BEGIN Entries provided
text \<open>The constant depends on \<open>b\<close> only through \<open>B\<close>, which makes the estimate uniform along
  the shifts \<open>b = \<beta> + \<nu>\<close>.\<close>

lemma hypergeom_2F2_minus_one_le:
  fixes a b d w :: complex
  assumes Bb: "\<forall>k. norm (inverse (b + 1 + of_nat k)) \<le> B"
      and Dd: "\<forall>k. norm (inverse (d + of_nat k)) \<le> D"
      and small: "(1 + norm a) * (1 + B) * D * norm w \<le> 1/2"
  shows "norm (hypergeom [a, b] [d, b + 1] w - 1) \<le> 2 * ((1 + norm a) * (1 + B) * D) * norm w"
proof -
  define K where "K = (1 + norm a) * (1 + B) * D"
  define c where "c n = (prod_list (map (\<lambda>a. pochhammer a n) [a, b]) /
            prod_list (map (\<lambda>b. pochhammer b n) [d, b + 1])) * w ^ n / fact n" for n
  have "0 \<le> B" "0 \<le> D" using Bb Dd norm_ge_zero order_trans by blast+
  have "norm (c n) \<le> 1 * (K * norm w) ^ n" for n
  proof -
    have "c n = (pochhammer a n / fact n) * (pochhammer b n / pochhammer (b + 1) n)
                * inverse (pochhammer d n) * w ^ n"
      unfolding c_def by (simp add: field_simps)
    hence "norm (c n) = norm (pochhammer a n / fact n) * norm (pochhammer b n / pochhammer (b + 1) n)
                * norm (inverse (pochhammer d n)) * norm w ^ n"
      by (simp only: norm_mult norm_power)
    also have "\<dots> \<le> (1 + norm a) ^ n * (1 + B) ^ n * D ^ n * norm w ^ n"
      using norm_pochhammer_div_fact_le[of a n] norm_pochhammer_div_pochhammer_plus1_le[OF Bb, of n]
        norm_inverse_pochhammer_le[OF Dd, of n] \<open>0 \<le> B\<close> \<open>0 \<le> D\<close>
      by (intro mult_mono mult_nonneg_nonneg) auto
    also have "\<dots> = 1 * (K * norm w) ^ n" unfolding K_def by (simp add: power_mult_distrib)
    finally show ?thesis .
  qed
  moreover have "0 \<le> K * norm w" unfolding K_def using \<open>0 \<le> B\<close> \<open>0 \<le> D\<close> by auto
  ultimately have "norm (suminf c - c 0) \<le> 2 * 1 * (K * norm w)"
    using small unfolding K_def by (intro geometric_series_tail_le) auto
  moreover have "c 0 = 1" unfolding c_def by simp
  moreover have "hypergeom [a, b] [d, b + 1] w = suminf c" unfolding hypergeom_def c_def ..
  ultimately show ?thesis unfolding K_def by simp
qed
END Entries provided
**Try it**
Could you restate every record word for word?

**The answer**
text \<open>The constant depends on \<open>b\<close> only through \<open>B\<close>, which makes the estimate uniform along
  the shifts \<open>b = \<beta> + \<nu>\<close>.\<close>

lemma hypergeom_2F2_minus_one_le:
  fixes a b d w :: complex
  assumes Bb: "\<forall>k. norm (inverse (b + 1 + of_nat k)) \<le> B"
      and Dd: "\<forall>k. norm (inverse (d + of_nat k)) \<le> D"
      and small: "(1 + norm a) * (1 + B) * D * norm w \<le> 1/2"
  shows "norm (hypergeom [a, b] [d, b + 1] w - 1) \<le> 2 * ((1 + norm a) * (1 + B) * D) * norm w"
proof -
  define K where "K = (1 + norm a) * (1 + B) * D"
  define c where "c n = (prod_list (map (\<lambda>a. pochhammer a n) [a, b]) /
            prod_list (map (\<lambda>b. pochhammer b n) [d, b + 1])) * w ^ n / fact n" for n
  have "0 \<le> B" "0 \<le> D" using Bb Dd norm_ge_zero order_trans by blast+
  have "norm (c n) \<le> 1 * (K * norm w) ^ n" for n
  proof -
    have "c n = (pochhammer a n / fact n) * (pochhammer b n / pochhammer (b + 1) n)
                * inverse (pochhammer d n) * w ^ n"
      unfolding c_def by (simp add: field_simps)
    hence "norm (c n) = norm (pochhammer a n / fact n) * norm (pochhammer b n / pochhammer (b + 1) n)
                * norm (inverse (pochhammer d n)) * norm w ^ n"
      by (simp only: norm_mult norm_power)
    also have "\<dots> \<le> (1 + norm a) ^ n * (1 + B) ^ n * D ^ n * norm w ^ n"
      using norm_pochhammer_div_fact_le[of a n] norm_pochhammer_div_pochhammer_plus1_le[OF Bb, of n]
        norm_inverse_pochhammer_le[OF Dd, of n] \<open>0 \<le> B\<close> \<open>0 \<le> D\<close>
      by (intro mult_mono mult_nonneg_nonneg) auto
    also have "\<dots> = 1 * (K * norm w) ^ n" unfolding K_def by (simp add: power_mult_distrib)
    finally show ?thesis .
  qed
  moreover have "0 \<le> K * norm w" unfolding K_def using \<open>0 \<le> B\<close> \<open>0 \<le> D\<close> by auto
  ultimately have "norm (suminf c - c 0) \<le> 2 * 1 * (K * norm w)"
    using small unfolding K_def by (intro geometric_series_tail_le) auto
  moreover have "c 0 = 1" unfolding c_def by simp
  moreover have "hypergeom [a, b] [d, b + 1] w = suminf c" unfolding hypergeom_def c_def ..
  ultimately show ?thesis unfolding K_def by simp
qed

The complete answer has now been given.